Grouping draws according to render states on the GPU could potentially let the driver perform runtime shader linking optimizations hence making "PSO switching" cheap. Instead of having to recompile the exact same set of shaders from previous PSOs, newly formed PSOs with similar render states as before can 'stitch' together shaders from different PSOs that were compiled before. Think of it as having an "implicit form" of Vulkan's graphics pipeline library extension functionality without the ability to explicitly define what render states to change ...

On Xbox, PSOs perfectly match the description of the hardware's render states and it's native shader bytecode which makes it trivial for them to implement GPU driven render state changes (indirect command for PSO switching) via ExecuteIndirect ...
 
And at last some of those small teams might lack the knowledge to make a good PSO gathering step. In UE5 this should be easier but in UE4 you had to roll your own system and only a handful developers actually managed that.

Is the built-in PSO gathering system for UE4 that useless? What I've read is it's particularly inadequate for things like ray tracing and some particle effects, and certainly with user skins as you mention that's also a big problem.

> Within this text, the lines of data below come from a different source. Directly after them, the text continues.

theorem lemma2:
  fixes a \<kappa> x0 T \<alpha> \<beta> b H1 :: real
    and h h' :: "real \<Rightarrow> real"
    and x :: "real \<Rightarrow> real \<Rightarrow> real"
  assumes T_pos: "T > 0"
    and kappa: "0 < \<kappa>" "\<kappa> < 1/2"
    and a_pos: "a > 0"
    and h_bdd: "\<exists>H0. \<forall>y. \<bar>h y\<bar> \<le> H0"
    and h_deriv: "\<And>y. (h has_real_derivative h' y) (at y)"
    and h'_cont: "continuous_on UNIV h'"
    and h'_bdd: "\<And>y. \<bar>h' y\<bar> \<le> H1"
    and b_pos: "b > 0"
    and h_lower: "\<And>y. h y \<ge> b"
    and x_ode: "\<And>\<theta>. \<theta> \<in> {\<alpha><..<\<beta>} \<Longrightarrow> x \<theta> 0 = x0 \<and>
          (\<forall>t\<in>{0..T}. (x \<theta> has_real_derivative drift a \<kappa> h \<theta> (x \<theta> t)) (at t within {0..T}))"
    and alpha: "\<alpha> > x0"
    and beta: "\<beta> < (INF \<theta>\<in>{\<alpha><..<\<beta>}. x \<theta> T)"
  shows "\<forall>\<kappa>1. 0 < \<kappa>1 \<and> \<kappa>1 < \<kappa> \<longrightarrow>
    (\<exists>\<nu> c \<epsilon>0. \<nu> > 0 \<and> c > 0 \<and> \<epsilon>0 > 0 \<and>
      (\<forall>\<epsilon>. 0 < \<epsilon> \<and> \<epsilon> < \<epsilon>0 \<longrightarrow>
        (\<forall>\<theta>\<in>{\<alpha><..<\<beta>}. \<forall>(M :: 'a measure) W X.
           standard_wiener M W \<and> sde_solution M W (drift a \<kappa> h \<theta>) x0 \<epsilon> T X \<longrightarrow>
           prob_space.prob M {\<omega>\<in>space M. (\<Squnion>t\<in>{0..T}. \<bar>X t \<omega> - x \<theta> t\<bar>) > \<epsilon> powr \<kappa>1}
             \<le> exp (- c * \<epsilon> powr (- \<nu>)))))"
proof (intro allI impI)
  fix \<kappa>1 :: real assume \<kappa>1: "0 < \<kappa>1 \<and> \<kappa>1 < \<kappa>"
  obtain H0 where H0: "\<And>y. \<bar>h y\<bar> \<le> H0" using h_bdd by blast
  interpret small_noise_drift a \<kappa> b H0 H1 T h h'
    using T_pos kappa a_pos b_pos h_deriv h'_bdd h_lower H0 by unfold_locales auto
  define D where "D = \<bar>\<beta> - x0\<bar>"
  have "0 \<le> H0" "0 \<le> D" "\<kappa> < 1" using H0[of 0] kappa unfolding D_def by simp_all
  then obtain R where R: "R > 0" "R > 2 * T * (a * (D + R) powr \<kappa> + H0)"
    using exists_radius_gt_sublinear[OF T_pos a_pos _ _ kappa(1)] by blast
  define \<gamma> where "\<gamma> = (1 + \<kappa>1 / \<kappa>) / 2"
  have "0 < \<kappa>1 / \<kappa>" "\<kappa>1 / \<kappa> < 1" using \<kappa>1 kappa by simp_all
  then have \<gamma>: "0 < \<gamma>" "\<gamma> < 1" "\<kappa>1 < \<gamma> * \<kappa>"
    using kappa unfolding \<gamma>_def by (auto simp: field_simps)
  define C where "C = 1 + (a * (D + R) powr \<kappa> + H0) * T * (a + H1) / b"
  have "eventually (\<lambda>\<epsilon>::real. \<epsilon> < 1) (at_right 0)"
    by (rule eventually_at_rightI[of 0 "1::real"]) auto
  moreover have "eventually (\<lambda>\<epsilon>. (a + H1) * \<epsilon> powr (\<gamma> * \<kappa>) < b) (at_right 0)"
    using \<gamma> kappa b_pos by (intro eventually_at_right_powr_less) auto
  moreover have "eventually (\<lambda>\<epsilon>. C * \<epsilon> powr (\<gamma> * \<kappa> - \<kappa>1) < 1) (at_right 0)"
    using \<gamma> by (intro eventually_at_right_powr_less) auto
  moreover have "eventually (\<lambda>\<epsilon>. \<epsilon> powr (2 - 2 * \<gamma>) < 1 / (2048 * T)) (at_right 0)"
    using eventually_at_right_powr_less[of "2 - 2 * \<gamma>" "1 / (2048 * T)" 1] \<gamma> T_pos by simp
  ultimately have "eventually (\<lambda>\<epsilon>. \<epsilon> < 1 \<and> (a + H1) * \<epsilon> powr (\<gamma> * \<kappa>) < b \<and> C * \<epsilon> powr (\<gamma> * \<kappa> - \<kappa>1) < 1
      \<and> \<epsilon> powr (2 - 2 * \<gamma>) < 1 / (2048 * T)) (at_right 0)"
    by (intro eventually_conj)
  then obtain \<epsilon>0 where \<epsilon>0: "\<epsilon>0 > 0" and small: "\<And>\<epsilon>. 0 < \<epsilon> \<Longrightarrow> \<epsilon> < \<epsilon>0 \<Longrightarrow> \<epsilon> < 1 \<and>
      (a + H1) * \<epsilon> powr (\<gamma> * \<kappa>) < b \<and> C * \<epsilon> powr (\<gamma> * \<kappa> - \<kappa>1) < 1 \<and> \<epsilon> powr (2 - 2 * \<gamma>) < 1 / (2048 * T)"
    unfolding eventually_at_right[of 0 1, OF zero_less_one] by auto
  show "\<exists>\<nu> c \<epsilon>0. \<nu> > 0 \<and> c > 0 \<and> \<epsilon>0 > 0 \<and> (\<forall>\<epsilon>. 0 < \<epsilon> \<and> \<epsilon> < \<epsilon>0 \<longrightarrow> (\<forall>\<theta>\<in>{\<alpha><..<\<beta>}. \<forall>(M :: 'a measure) W X.
      standard_wiener M W \<and> sde_solution M W (drift a \<kappa> h \<theta>) x0 \<epsilon> T X \<longrightarrow>
      prob_space.prob M {\<omega>\<in>space M. (\<Squnion>t\<in>{0..T}. \<bar>X t \<omega> - x \<theta> t\<bar>) > \<epsilon> powr \<kappa>1} \<le> exp (- c * \<epsilon> powr (- \<nu>))))"
  proof (rule exI[of _ "2 - 2 * \<gamma>"], rule exI[of _ "1 / (128 * T)"], rule exI[of _ \<epsilon>0],
      intro conjI allI impI ballI)
    fix \<epsilon> \<theta> and M :: "'a measure" and W X
    assume \<epsilon>: "0 < \<epsilon> \<and> \<epsilon> < \<epsilon>0" and \<theta>: "\<theta> \<in> {\<alpha><..<\<beta>}"
      and sde: "standard_wiener M W \<and> sde_solution M W (drift a \<kappa> h \<theta>) x0 \<epsilon> T X"
    have "\<bar>x0 - \<theta>\<bar> \<le> D" using \<theta> alpha unfolding D_def by auto
    then show "prob_space.prob M {\<omega>\<in>space M. (\<Squnion>t\<in>{0..T}. \<bar>X t \<omega> - x \<theta> t\<bar>) > \<epsilon> powr \<kappa>1}
        \<le> exp (- (1 / (128 * T)) * \<epsilon> powr (- (2 - 2 * \<gamma>)))"
      using sde x_ode[OF \<theta>] \<epsilon> \<gamma>(1,2) small[of \<epsilon>] unfolding C_def
      by (intro sde_deviation_prob_le_powr[OF _ R]) auto
  qed (use \<gamma> T_pos \<epsilon>0 in auto)
qed

end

With games made by inexperienced teams like Kena and The Ascent though, they relatively quickly added a precompiling step that while not perfect, was a massive improvement to those games. Did they actually roll their own?
 
Is the built-in PSO gathering system for UE4 that useless? What I've read is it's particularly inadequate for things like ray tracing and some particle effects, and certainly with user skins as you mention that's also a big problem.

With games made by inexperienced teams like Kena and The Ascent though, they relatively quickly added a precompiling step that while not perfect, was a massive improvement to those games. Did they actually roll their own?
Did Kena actually add a precomilation step?
 
Is the built-in PSO gathering system for UE4 that useless? What I've read is it's particularly inadequate for things like ray tracing and some particle effects, and certainly with user skins as you mention that's also a big problem.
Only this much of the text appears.